Natalie Maines (lost death threat letter; 2003)
In 2003, shortly after then-President of the United States George W. Bush declared war on Iraq, American country music band Dixie Chicks (now known simply as The Chicks) spoke out strongly against it. Lead vocalist Natalie Maines held a public hearing in London 10 days before the invasion, stating she was ashamed to be from the same state as Bush. Country music fans ridiculed the band, calling them "traitors" and resulting in many impacts, including a massive drop in sales and sponsorships, a new interest and respect from non-country music fans in the left wing, and a short-lived humorous rivalry with Toby Keith. Their record label forced Maines to make a public statement apologizing for her comments against Bush. By the time she did this, however, it was considered far too late.
Many fans responded to Maines' statement with vitriolic, angry hate mail. One particularly angry fan whose identity has yet to be confirmed wrote a graphic death threat to Maines. He made the circumstances of how he was going to kill her very specific. He had a method, location, date, and weapon in mind, with one known quote reading "You will be shot dead at your show in Dallas", referring to an upcoming scheduled Chicks performance not long away. Frightened by the letter, Maines decided to add extra security to her public appearances, and when the aforementioned Dallas concert was subsequently held, the band were escorted in and out by police; no attempts were made to harm them. The threat played a major role in the band's lengthy hiatus until 2013.

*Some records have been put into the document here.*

(* Let $I\subseteq R$ be an $\mathfrak m$-primary monomial ideal. The following are equivalent: (1) $I$ is good; (2) for every integer $l\ge 1$ and every monomial $m\in I^l$ there exist $a_1,\dots,a_n\in\mathbb N$ with $m\in B_{a_1,\dots,a_n}$ and $a_1+\dots+a_n\ge l-1$; (3) for every integer $l\ge1$ and all $m_1,\dots,m_l\in G(I)$ there exist $a_1,\dots,a_n\in\mathbb N$ with $m_1\cdots m_l\in B_{a_1,\dots,a_n}$ and $a_1+\dots+a_n\ge l-1$.
   Context: Let $\mathbb K$ be a field, $R=\mathbb K[x_1,\dots,x_n]$, $\mathfrak m=\langle x_1,\dots,x_n\rangle$, $\mathbb N=\{0,1,2,\dots\}$. A monomial $x_1^{\alpha_1}\cdots x_n^{\alpha_n}$ is identified with the point $(\alpha_1,\dots,\alpha_n)\in\mathbb N^n$. For a monomial ideal $I$, $G(I)$ denotes its (unique) minimal monomial generating set. If $I$ is an $\mathfrak m$-primary monomial ideal, then for each $i$ there is a unique $d_i\ge1$ with $x_i^{d_i}\in G(I)$; write $\mu_i=x_i^{d_i}$. For $(a_1,\dots,a_n)\in\mathbb N^n$ the box associated to $I$ is $B_{a_1,\dots,a_n}=([a_1d_1,(a_1+1)d_1]\times\cdots\times[a_nd_n,(a_n+1)d_n])\cap\mathbb N^n$; a monomial belongs to a box if its exponent vector does. $I$ is called good if for every integer $l\ge1$, every element of $G(I^l)$ belongs to some box $B_{a_1,\dots,a_n}$ with $a_1+\dots+a_n=l-1$; otherwise $I$ is called bad. *)

theory Defs
  imports Main
begin

text \<open>Monomials in variables indexed by the finite type 'n are exponent vectors
  'n \<Rightarrow> nat; the product of monomials is the sum of exponent vectors and
  divisibility is the pointwise order. A monomial ideal is represented by the
  set of monomials it contains (it is the K-span of them), i.e. an upward
  closed set of exponent vectors.\<close>

type_synonym 'n monomial = "'n \<Rightarrow> nat"

definition monomial_ideal :: "'n monomial set \<Rightarrow> bool" where
  "monomial_ideal I \<longleftrightarrow> (\<forall>u v. u \<in> I \<and> u \<le> v \<longrightarrow> v \<in> I)"

definition mon_radical :: "'n monomial set \<Rightarrow> 'n monomial set" where
  "mon_radical I = {u. \<exists>k::nat. k \<ge> 1 \<and> (\<lambda>i. k * u i) \<in> I}"

text \<open>Monomials of the maximal ideal m = (x_1,...,x_n): all nonconstant monomials.\<close>
definition mon_max :: "'n monomial set" where
  "mon_max = {u. u \<noteq> (\<lambda>_. 0)}"

definition m_primary :: "'n monomial set \<Rightarrow> bool" where
  "m_primary I \<longleftrightarrow> monomial_ideal I \<and> mon_radical I = mon_max"

definition mingens :: "'n monomial set \<Rightarrow> 'n monomial set" where
  "mingens I = {u \<in> I. \<forall>v \<in> I. v \<le> u \<longrightarrow> v = u}"

definition mprod :: "'n monomial list \<Rightarrow> 'n monomial" where
  "mprod ms = (\<lambda>i. sum_list (map (\<lambda>m. m i) ms))"

definition mon_pow :: "'n monomial set \<Rightarrow> nat \<Rightarrow> 'n monomial set" where
  "mon_pow I l = {u. \<exists>ms. length ms = l \<and> set ms \<subseteq> I \<and> mprod ms \<le> u}"

definition xpow :: "'n \<Rightarrow> nat \<Rightarrow> 'n monomial" where
  "xpow i d = (\<lambda>j. if j = i then d else 0)"

definition pdeg :: "'n monomial set \<Rightarrow> 'n \<Rightarrow> nat" where
  "pdeg I i = (THE d. d \<ge> 1 \<and> xpow i d \<in> mingens I)"

definition in_box :: "'n monomial set \<Rightarrow> 'n monomial \<Rightarrow> 'n monomial \<Rightarrow> bool" where
  "in_box I a u \<longleftrightarrow> (\<forall>i. a i * pdeg I i \<le> u i \<and> u i \<le> (a i + 1) * pdeg I i)"

definition good :: "('n::finite) monomial set \<Rightarrow> bool" where
  "good I \<longleftrightarrow> (\<forall>l::nat. l \<ge> 1 \<longrightarrow> (\<forall>u \<in> mingens (mon_pow I l).
      \<exists>a. (\<Sum>i\<in>UNIV. a i) = l - 1 \<and> in_box I a u))"

end

theory Submission
  imports Defs
begin

text \<open>Let \<open>d\<^sub>i = pdeg I i\<close>. The box index of a monomial u can always be
  raised to \<open>\<lfloor>u\<^sub>i / d\<^sub>i\<rfloor>\<close>, and passing to a divisor only lowers it, so the
  conditions on all of \<open>I\<^sup>l\<close>, on its minimal generators and on products of
  minimal generators of I are all equivalent to "some box of level at least
  \<open>l - 1\<close>". A box of level exactly \<open>l - 1\<close> is needed only for minimal
  generators u of \<open>I\<^sup>l\<close>: if u lies in a box of level at least l, then u is
  divisible by a product \<open>\<Prod> x\<^sub>i\<^bsup>c\<^sub>i d\<^sub>i\<^esup>\<close> of l pure powers, so by minimality
  u equals it, and lowering one nonzero \<open>c\<^sub>i\<close> by one gives a box of level \<open>l - 1\<close>
  containing u.\<close>

lemma ex_mingens_le:
  fixes S :: "('n::finite) monomial set"
  assumes "u \<in> S"
  shows "\<exists>g \<in> mingens S. g \<le> u"
  using assms
proof (induction "\<Sum>i\<in>UNIV. u i" arbitrary: u rule: less_induct)
  case less
  show ?case
  proof (cases "u \<in> mingens S")
    case False
    then obtain v where v: "v \<in> S" "v \<le> u" "v \<noteq> u"
      using less.prems unfolding mingens_def by auto
    then obtain j where "v j < u j"
      by (metis antisym le_funD le_funI not_le)
    with v(2) have "(\<Sum>i\<in>UNIV. v i) < (\<Sum>i\<in>UNIV. u i)"
      by (intro sum_strict_mono_ex1) (auto simp: le_fun_def)
    with less.hyps v(1) obtain g where "g \<in> mingens S" "g \<le> v" by blast
    with v(2) show ?thesis by (meson order_trans)
  qed auto
qed

lemma mingens_subset: "mingens I \<subseteq> I"
  by (auto simp: mingens_def)

lemma xpow_mingens_unique:
  assumes "xpow i e \<in> mingens I" and "xpow i e' \<in> mingens I"
  shows "e = e'"
proof -
  have minimal: "xpow i x = xpow i y"
    if "xpow i x \<in> I" "xpow i y \<in> mingens I" "x \<le> y" for x y
  proof -
    have "xpow i x \<le> xpow i y"
      using that(3) by (simp add: le_fun_def xpow_def)
    with that(1,2) show ?thesis
      by (simp add: mingens_def)
  qed
  have "xpow i e = xpow i e'"
    using assms mingens_subset[of I] minimal[of e e'] minimal[of e' e] by (cases "e \<le> e'") auto
  then have "xpow i e i = xpow i e' i"
    by simp
  then show ?thesis
    by (simp add: xpow_def)
qed

lemma m_primary_zero_notin:
  assumes "m_primary I"
  shows "(\<lambda>_. 0) \<notin> I"
proof
  assume "(\<lambda>_. 0) \<in> I"
  then have "(\<lambda>_. 0) \<in> mon_radical I"
    unfolding mon_radical_def by (auto intro: exI[of _ 1])
  with assms show False
    by (simp add: m_primary_def mon_max_def)
qed

lemma m_primary_ex_xpow_mingens:
  fixes I :: "('n::finite) monomial set"
  assumes "m_primary I"
  shows "\<exists>d \<ge> 1. xpow i d \<in> mingens I"
proof -
  have "xpow i 1 \<in> mon_radical I"
    using assms by (auto simp: m_primary_def mon_max_def xpow_def fun_eq_iff)
  then obtain k where "(\<lambda>j. k * xpow i 1 j) \<in> I"
    by (auto simp: mon_radical_def)
  moreover have "(\<lambda>j. k * xpow i 1 j) = xpow i k"
    by (auto simp: xpow_def)
  ultimately obtain g where g: "g \<in> mingens I" "g \<le> xpow i k"
    using ex_mingens_le by metis
  then have g_xpow: "g = xpow i (g i)"
    by (auto simp: le_fun_def xpow_def fun_eq_iff split: if_splits)
  have "g i \<noteq> 0"
  proof
    assume "g i = 0"
    with g_xpow have "g = (\<lambda>_. 0)"
      by (simp add: xpow_def fun_eq_iff)
    with g(1) mingens_subset m_primary_zero_notin[OF assms] show False
      by blast
  qed
  with g(1) g_xpow show ?thesis
    by (intro exI[of _ "g i"]) simp
qed

lemma m_primary_pdeg:
  fixes I :: "('n::finite) monomial set"
  assumes "m_primary I"
  shows "1 \<le> pdeg I i" and "xpow i (pdeg I i) \<in> mingens I"
proof -
  obtain d where d: "1 \<le> d" "xpow i d \<in> mingens I"
    using m_primary_ex_xpow_mingens[OF assms] by blast
  have "pdeg I i = d"
    unfolding pdeg_def
  proof (rule the_equality)
    show "1 \<le> d \<and> xpow i d \<in> mingens I"
      using d by simp
    show "e = d" if "1 \<le> e \<and> xpow i e \<in> mingens I" for e
      using that d(2) xpow_mingens_unique[of i e I d] by simp
  qed
  with d show "1 \<le> pdeg I i" and "xpow i (pdeg I i) \<in> mingens I"
    by simp_all
qed

lemma m_primary_pdeg_pos:
  fixes I :: "('n::finite) monomial set"
  assumes "m_primary I"
  shows "0 < pdeg I i"
  using m_primary_pdeg(1)[OF assms, of i] by simp

lemma in_box_div:
  assumes "\<And>i. 0 < pdeg I i"
  shows "in_box I (\<lambda>i. u i div pdeg I i) u"
  unfolding in_box_def
proof
  fix i
  have "u i = u i div pdeg I i * pdeg I i + u i mod pdeg I i"
    by (rule div_mult_mod_eq[symmetric])
  moreover have "u i mod pdeg I i < pdeg I i"
    using assms by simp
  ultimately show "u i div pdeg I i * pdeg I i \<le> u i \<and> u i \<le> (u i div pdeg I i + 1) * pdeg I i"
    by (simp add: distrib_right)
qed

lemma in_box_le_div:
  assumes "in_box I a v" and "v \<le> u" and "0 < pdeg I i"
  shows "a i \<le> u i div pdeg I i"
proof -
  have "a i * pdeg I i \<le> u i"
    using assms(1,2) by (meson in_box_def le_funD order_trans)
  with assms(3) show ?thesis
    by (simp add: less_eq_div_iff_mult_less_eq)
qed

lemma in_box_le:
  fixes I :: "('n::finite) monomial set"
  assumes "\<And>i. 0 < pdeg I i" and "in_box I a v" and "v \<le> u"
  shows "\<exists>b. in_box I b u \<and> (\<Sum>i\<in>UNIV. a i) \<le> (\<Sum>i\<in>UNIV. b i)"
  using in_box_div[OF assms(1)] in_box_le_div[OF assms(2,3)] assms(1)
  by (blast intro: sum_mono)

lemma in_box_scaled_pred:
  assumes "1 \<le> c i"
  shows "in_box I (c(i := c i - 1)) (\<lambda>j. c j * pdeg I j)"
proof -
  from assms obtain k where "c i = Suc k"
    by (cases "c i") auto
  then show ?thesis
    by (auto simp: in_box_def)
qed

lemma mprod_Cons: "mprod (m # ms) = (\<lambda>i. m i + mprod ms i)"
  by (simp add: mprod_def fun_eq_iff)

lemma mprod_in_mon_pow:
  assumes "set ms \<subseteq> I"
  shows "mprod ms \<in> mon_pow I (length ms)"
  using assms by (auto simp: mon_pow_def)

lemma mon_pow_Cons:
  assumes "v \<in> mon_pow I l" and "w \<in> I"
  shows "(\<lambda>i. w i + v i) \<in> mon_pow I (Suc l)"
proof -
  obtain ms where ms: "length ms = l" "set ms \<subseteq> I" "mprod ms \<le> v"
    using assms(1) by (auto simp: mon_pow_def)
  then have "mprod (w # ms) \<le> (\<lambda>i. w i + v i)"
    by (simp add: mprod_Cons le_fun_def)
  with ms assms(2) show ?thesis
    unfolding mon_pow_def by (intro CollectI exI[of _ "w # ms"]) auto
qed

lemma ex_mingens_list_le:
  fixes I :: "('n::finite) monomial set"
  assumes "set ms \<subseteq> I"
  shows "\<exists>gs. length gs = length ms \<and> set gs \<subseteq> mingens I \<and> mprod gs \<le> mprod ms"
  using assms
proof (induction ms)
  case (Cons m ms)
  then obtain gs where gs: "length gs = length ms" "set gs \<subseteq> mingens I" "mprod gs \<le> mprod ms"
    by auto
  obtain g where g: "g \<in> mingens I" "g \<le> m"
    using ex_mingens_le Cons.prems by (metis list.set_intros(1) subsetD)
  have "mprod (g # gs) \<le> mprod (m # ms)"
    using g(2) gs(3) by (simp add: mprod_Cons le_fun_def add_mono)
  with gs g show ?case
    by (intro exI[of _ "g # gs"]) auto
qed simp

lemma mon_pow_mingens_list:
  fixes I :: "('n::finite) monomial set"
  assumes "u \<in> mon_pow I l"
  shows "\<exists>gs. length gs = l \<and> set gs \<subseteq> mingens I \<and> mprod gs \<le> u"
proof -
  obtain ms where "length ms = l" "set ms \<subseteq> I" "mprod ms \<le> u"
    using assms by (auto simp: mon_pow_def)
  then show ?thesis
    using ex_mingens_list_le by (metis order_trans)
qed

lemma sum_UNIV_fun_upd_Suc:
  fixes c :: "('n::finite) \<Rightarrow> nat"
  shows "(\<Sum>j\<in>UNIV. (c(i := Suc (c i))) j) = Suc (\<Sum>j\<in>UNIV. c j)"
proof -
  have "c(i := Suc (c i)) = (\<lambda>j. c j + (if j = i then 1 else 0))"
    by auto
  then show ?thesis
    by (simp add: sum.distrib)
qed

Maines has never allowed the letter to leak and has never shown it to members of the press. No copies of the letter have surfaced online. She has commented on it, saying she will never let anyone see it because of its "bone-chilling" graphic nature. The only other released content known to be from the letter is a few words contained in the lyrics to their 2006 hit "Not Ready To Make Nice" (those words being "Shut up and sing or your life is over"). In the same year, a documentary about the controversy was titled after the quote, Shut Up & Sing. It is not known if Maines or the FBI currently hold a copy of the letter.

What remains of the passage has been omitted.